Menurut Miftah Thoha (2010)
permasalahan birokrasi yang di hadapi Indonesia ialah (a) kelembagaan birokrasi
pemerintah yang besar dan didukung oleh sumber daya aparatur yang kurang
professional, (b) mekanisme kerja yang sentralistik masih mewarnai kinerja
birokrasi pemerintah, (c) kontrol terhadap birokrasi pemerintah masih dilakukan
oleh pemerintah, untuk pemerintah dan dari pemerintah, (d) patronkline (KKN)

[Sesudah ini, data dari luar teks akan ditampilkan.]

lemma phase_diff: "phase p (a - b) = phase p a * cnj (phase p b)"
  by (metis phase_add cnj_phase diff_conv_add_uminus)

lemma cnj_phase_mult: "cnj (phase p x) * phase p y = phase p (y - x)"
  by (simp add: phase_diff mult.commute)

lemma cnj_phase_mult_self [simp]: "cnj (phase p n) * phase p n = 1"
  by (simp add: cnj_phase_mult)

lemma phase_mult_cnj_self [simp]: "phase p n * cnj (phase p n) = 1"
  by (metis cnj_phase_mult_self mult.commute)

lemma phase_mult_power: "phase p (m * int k) = phase p m ^ k"
proof -
  have "phase p m ^ k = cis (real k * (of_int m * tau_angle p))"
    unfolding phase_def by (rule Complex.DeMoivre)
  thus ?thesis by (simp add: phase_def mult_ac)
qed

lemma cis_add_2pi_Ints: "x \<in> \<int> \<Longrightarrow> cis (y + 2 * pi * x) = cis y"
  by (simp add: cis_mult[symmetric] cis_multiple_2pi)

lemma phase_period_2p:
  assumes "0 < p"
  shows "phase p (n + 2 * int p * k) = phase p n"
proof -
  have "of_int (n + 2 * int p * k) * tau_angle p = of_int n * tau_angle p + 2 * pi * (of_int k * (real p + 1))"
    using assms by (simp add: tau_angle_def field_simps)
  moreover have "of_int k * (real p + 1) \<in> \<int>" by (intro Ints_mult Ints_add) auto
  ultimately show ?thesis by (simp add: phase_def cis_add_2pi_Ints)
qed

lemma phase_period_p_square:
  assumes "0 < p"
  shows "phase p (n + int p * int p * k) = phase p n"
proof -
  obtain m where "p * (p + 1) = 2 * m" using dvd_def[of 2 "p * (p + 1)"] by auto
  hence m: "real p * (real p + 1) = 2 * real m"
    by (metis of_nat_1 of_nat_add of_nat_mult of_nat_numeral)
  have "of_int (n + int p * int p * k) * tau_angle p = of_int n * tau_angle p + (of_int k * pi) * (real p * (real p + 1))"
    using assms by (simp add: tau_angle_def field_simps)
  also have "\<dots> = of_int n * tau_angle p + 2 * pi * (of_int k * real m)"
    by (simp add: m)
  finally show ?thesis by (simp add: phase_def cis_add_2pi_Ints)
qed

lemma omega_power:
  assumes "0 < p"
  shows "omega p ^ n = phase p (2 * int n)"
proof -
  have "omega p ^ n = cis (real n * (2 * pi / real p))"
    unfolding omega_def by (rule Complex.DeMoivre)
  moreover have "of_int (2 * int n) * tau_angle p = real n * (2 * pi / real p) + 2 * pi * of_nat n"
    using assms by (simp add: tau_angle_def field_simps)
  ultimately show ?thesis by (simp add: phase_def cis_add_2pi_Ints)
qed

lemma phase_double_eq_1_iff:
  assumes p: "0 < p"
  shows "phase p (2 * c) = 1 \<longleftrightarrow> int p dvd c"
proof
  have "of_int (2 * c) * tau_angle p = 2 * pi * of_int c / real p + 2 * pi * of_int c"
    using p by (simp add: tau_angle_def field_simps)
  hence eq: "phase p (2 * c) = cis (2 * pi * of_int c / real p)"
    by (simp add: phase_def cis_add_2pi_Ints)
  assume "phase p (2 * c) = 1"
  hence "cos (2 * pi * of_int c / real p) = 1" unfolding eq by (metis cis.sel(1) one_complex.sel(1))
  then obtain n :: int where "2 * pi * of_int c / real p = of_int n * 2 * pi"
    using cos_one_2pi_int by blast
  hence "of_int c = real p * of_int n" using p by (simp add: field_simps)
  hence "c = int p * n" by (metis of_int_eq_iff of_int_mult of_int_of_nat_eq)
  thus "int p dvd c" by simp
next
  assume "int p dvd c"
  then obtain k where "c = int p * k" by blast
  thus "phase p (2 * c) = 1" using phase_period_2p[OF p, of 0 k] by (simp add: mult.assoc)
qed

lemma sum_phase_linear:
  assumes p: "0 < p"
  shows "(\<Sum>k<p. phase p (2 * c * int k)) = (if int p dvd c then of_nat p else 0)"
proof -
  have s: "(\<Sum>k<p. phase p (2 * c * int k)) = (\<Sum>k<p. phase p (2 * c) ^ k)"
    by (simp add: phase_mult_power)
  show ?thesis
  proof (cases "int p dvd c")
    case True
    thus ?thesis using phase_double_eq_1_iff[OF p, of c] by (simp add: s)
  next
    case False
    have "phase p (2 * c) ^ p = phase p (2 * (int p * c))"
      by (simp add: phase_mult_power[symmetric] algebra_simps)
    also have "\<dots> = 1" using phase_double_eq_1_iff[OF p] by simp
    finally show ?thesis using False phase_double_eq_1_iff[OF p] by (simp add: s sum_gp_strict)
  qed
qed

dalam birokrasi pemerintah merupakan halangan terhadap upaya mewujudkan
merirokrasi dalam birokrasi, (e) tidak jelas bahkan cenderung tidak ada “sense
of accountability” baik secara kelembagaan maupun secara individu, (f) jabatan
birokrasi yang hanya menampung jabatan struktural dan oengisiannya sering kali
tidak berdasarkan kompetensi yang dibutuhkan, (g) penataan sumber daya aparatur
tidak disesuaikan dengan kebutuhan dan penataan kelembagaan birokrasi. Ini
adalah sebagaian contoh buruknya proses birokrasi di Indonesia.
B. KERANGKA
TEORITIK
1. Rekruitmen
Menurut
Malayu Hasibuan (2005:27), Pengadaan karyawan harus didasarkan pada prinsip apa baru siapa, apa artinya kita harus terlebih dahulu menetapkan
pekerjaan-pekerjaannya berdasarkan uraian pekerjaan (job description). Siapa
artinya kita baru mencari orang-orang yang tepat untuk menduduki jabatan
tersebut berdasarkan spesifikasi pekerjaan (job
specification). Hal ini mengisyaratkan bahwa pengadaan pegawai merupakan
langkah pertama dan yang mencerminkan berhasil tidaknya suatu organisasi
mencapai tujuannya
Simamora (1997) mengartikan
rekruitmen sebagai serangkaian aktivitas mencari dan memikat pelamar kerja
dengan motivasi, kemampuan, keahlian, dan pengetahuan yang diperlukan guna
menutupi kekurangan yang diidentifikasi dalam perencanaan kepegawaian.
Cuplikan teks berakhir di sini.